Public Service Company of New Mexico (PNM) announced in April 2019 that all its electric generation will be carbon-free by 2040, five years earlier than required under the state’s new Energy Transition Act. Starting in 2028, the company will begin closing its gas plants, with the last ones shuttered by 2040, and add renewable generation in their place. According to PNM President, Chairman, and CEO Pat Vincent-Collawn: “After its passage, we went back to consider scenarios that would get us to the 2045 goal without hurting customers’ pocketbooks and while maintaining reliability. We soon realized that we were not only up for the challenge of a 100 percent emission-free goal by 2045, but that we could do better…” And PNM more recently announced that when its 847-MW San Juan coal plant closes in June of 2022, the lost capacity will be replaced by 650 MW of solar generation and 300 MW/1,200 MWh of battery storage – and no new gas.

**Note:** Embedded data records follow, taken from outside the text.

lemma S_section_factors:
  assumes \<tau>: "hom C \<tau> S P" "pR \<cdot> \<tau> = s0R \<cdot> d0S" "pS \<cdot> \<tau> = Id C S"
  obtains v where "hom C v S M" "mP \<cdot> v = \<tau>" "middle \<cdot> v = d1S"
proof -
  have s0R: "d0R \<cdot> (s0R \<cdot> d1S) = d1S" "d1R \<cdot> (s0R \<cdot> d1S) = d1S" "d0R \<cdot> (s0R \<cdot> d0S) = d0S"
    using comp_reassoc_id[OF R_hom(4) S_hom(2) R_hom(3) R_hom(1)]
      comp_reassoc_id[OF R_hom(5) S_hom(2) R_hom(3) R_hom(2)]
      comp_reassoc_id[OF R_hom(4) S_hom(1) R_hom(3) R_hom(1)] .
  obtain w where w: "hom C w S N" "q1 \<cdot> w = Id C S" "q2 \<cdot> w = s0R \<cdot> d1S"
    using pullback_lift[OF N S_hom(2) R_hom(1) id_hom[OF hom_dom_ob[OF S_hom(1)]]
        comp_hom[OF S_hom(2) R_hom(3)]] s0R S_hom(2) by auto
  obtain v where "hom C v S M" "mN \<cdot> v = w" "mP \<cdot> v = \<tau>"
    using comparison_lift[OF w(1) \<tau>(1)] w \<tau> s0R S_hom by auto
  then show ?thesis using that middle_comp w(2) S_hom(2) by auto
qed

end

context discrete_meet
begin

lemma comparison_with_middle:
  assumes fc: "finitely_complete C" and P: "is_pullback C d1R d0S P pR pS"
    and \<sigma>: "hom C \<sigma> R P" "pR \<cdot> \<sigma> = Id C R" "pS \<cdot> \<sigma> = s0S \<cdot> d1R"
    and \<tau>: "hom C \<tau> S P" "pR \<cdot> \<tau> = s0R \<cdot> d0S" "pS \<cdot> \<tau> = Id C S"
  obtains M m c u v where "hom C m M P" "mono C m" "hom C c M X"
    "hom C u R M" "m \<cdot> u = \<sigma>" "c \<cdot> u = d0R" "hom C v S M" "m \<cdot> v = \<tau>" "c \<cdot> v = d1S"
proof -
  interpret finitely_complete_category C by unfold_locales (fact fc)
  have X: "X \<in> Ob C" using hom_cod_ob[OF R_hom(1)] .
  note p = pullback_square[OF P R_hom(2) S_hom(1)]
  obtain XX \<pi>1 \<pi>2 where XX: "is_product C X X XX \<pi>1 \<pi>2" using product_exists[OF X X] .
  obtain N q1 q2 where N: "is_pullback C d1S d0R N q1 q2" using pullback_exists[OF S_hom(2) R_hom(1)] .
  note q = pullback_square[OF N S_hom(2) R_hom(1)]
  obtain n where n: "hom C n N XX" "\<pi>1 \<cdot> n = d0S \<cdot> q1" "\<pi>2 \<cdot> n = d1R \<cdot> q2"
    using product_pair[OF XX comp_hom[OF q(1) S_hom(1)] comp_hom[OF q(2) R_hom(2)]] .
  obtain e where e: "hom C e P XX" "\<pi>1 \<cdot> e = d0R \<cdot> pR" "\<pi>2 \<cdot> e = d1S \<cdot> pS"
    using product_pair[OF XX comp_hom[OF p(1) R_hom(1)] comp_hom[OF p(2) S_hom(2)]] .
  obtain M mN mP where M: "is_pullback C n e M mN mP" using pullback_exists[OF n(1) e(1)] .
  interpret middle_comparison C X R d0R d1R s0R S d0S d1S s0S P pR pS N q1 q2 XX \<pi>1 \<pi>2 n e M mN mP
    by unfold_locales (fact P N XX n e M)+
  obtain u where "hom C u R M" "mP \<cdot> u = \<sigma>" "middle \<cdot> u = d0R" using R_section_factors[OF \<sigma>] .
  moreover obtain v where "hom C v S M" "mP \<cdot> v = \<tau>" "middle \<cdot> v = d1S" using S_section_factors[OF \<tau>] .
  ultimately show ?thesis using that[OF M_square(2) comparison_mono middle_hom] by blast
qed

end

theorem proposition3p6:
  fixes C :: "('o, 'a) cat" and \<Sigma> :: "'a \<Rightarrow> 'a \<Rightarrow> bool"
  assumes "finitely_complete C"
    and "fibrational C \<Sigma>"
    and "Sigma_Maltsev C \<Sigma>"
    and "X \<in> Ob C"
    and "equivalence_relation C X R d0R d1R s0R"
    and "Sigma_equivalence_relation C \<Sigma> X S d0S d1S s0S"
    and "meet_is_discrete C R d0R d1R S d0S d1S"
  shows "centralize C X R d0R d1R s0R S d0S d1S s0S"
proof -
  have \<Sigma>: "\<Sigma> d0S s0S" and S: "equivalence_relation C X S d0S d1S s0S"
    using assms(6) unfolding Sigma_equivalence_relation_def by simp_all
  interpret discrete_meet C X R d0R d1R s0R S d0S d1S s0S
    using assms(1,5,7) S unfolding finitely_complete_def by unfold_locales simp_all
  show ?thesis
  proof (rule centralizeI[OF equivalence_relation_reflexive[OF R] equivalence_relation_reflexive[OF S]])
    fix P pR pS \<sigma>R \<sigma>S assume P: "is_pullback C d1R d0S P pR pS"
      and \<sigma>R: "hom C \<sigma>R R P" "pR \<cdot> \<sigma>R = Id C R" "pS \<cdot> \<sigma>R = s0S \<cdot> d1R"
      and \<sigma>S: "hom C \<sigma>S S P" "pR \<cdot> \<sigma>S = s0R \<cdot> d0S" "pS \<cdot> \<sigma>S = Id C S"
    have jee: "jointly_extremally_epic C \<sigma>R \<sigma>S"
      using sections_jointly_extremally_epic[OF assms(3) \<Sigma> equivalence_relation_reflexive[OF R]
          equivalence_relation_reflexive[OF S] P \<sigma>R \<sigma>S] .
    obtain M m c u v where m: "hom C m M P" "mono C m" and c: "hom C c M X"
      and u: "hom C u R M" "m \<cdot> u = \<sigma>R" "c \<cdot> u = d0R"
      and v: "hom C v S M" "m \<cdot> v = \<sigma>S" "c \<cdot> v = d1S"
      using comparison_with_middle[OF assms(1) P \<sigma>R \<sigma>S] .
    from jointly_extremally_epic_extend[OF jee m u(1,2) v(1,2) c] u(3) v(3)
    show "\<exists>p. hom C p P X \<and> p \<cdot> \<sigma>R = d0R \<and> p \<cdot> \<sigma>S = d1S" by metis
  qed
qed
end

State regulators in April 2019 unanimously rejected an 850 MW gas plant proposed by utility Vectren (which provides power to central and southwestern Indiana) over concerns that the $781 million investment represented a major stranded asset risk. Previously, in September 2018, utility Northern Indiana Public Service Company (NIPSCO) announced that the most viable option for its customers would be to move up the retirement of all its coal plants within the next 10 years and to replace the fuel with lower-cost renewable energy resources such as wind, solar and battery storage technology, not gas.



Idaho Power announced plans in March 2019 to transition its generation to 100% clean energy by 2045. It will retire its interests in its three remaining coal plants and three gas plants and plans to add a new 120 MW solar facility at pricing that rivals the lowest ever seen in the U.S. market.



In May 2020, Hawaiian Electric announced a massive buildout of 460 megawatts of solar and nearly 3 gigawatt-hours of storage, an important step to hitting the state’s mandate of 100% renewables by 2045.1 Previously, in March 2019, the utility received approval for an ambitious suite of new solar-plus-storage projects that came in at prices significantly lower than its existing fossil-fueled generation.

Renewable Energy Battery Storage

Midwest, Plains, and Southwest

Xcel Energy (which serves customers in Minnesota, Michigan, Wisconsin, North Dakota, South Dakota, Colorado, Texas, and New Mexico) unveiled plans in December 2018 to be 100% carbon-free by 2050. The company had previously announced that it would save its customers money by retiring two coal units early and replacing them with a mix of wind, solar, and battery storage – and with considerably less gas than it originally anticipated. And in 2021, Xcel proposed further speeding its transition by abandoning previous plans for adding a big new gas plant to its fleet.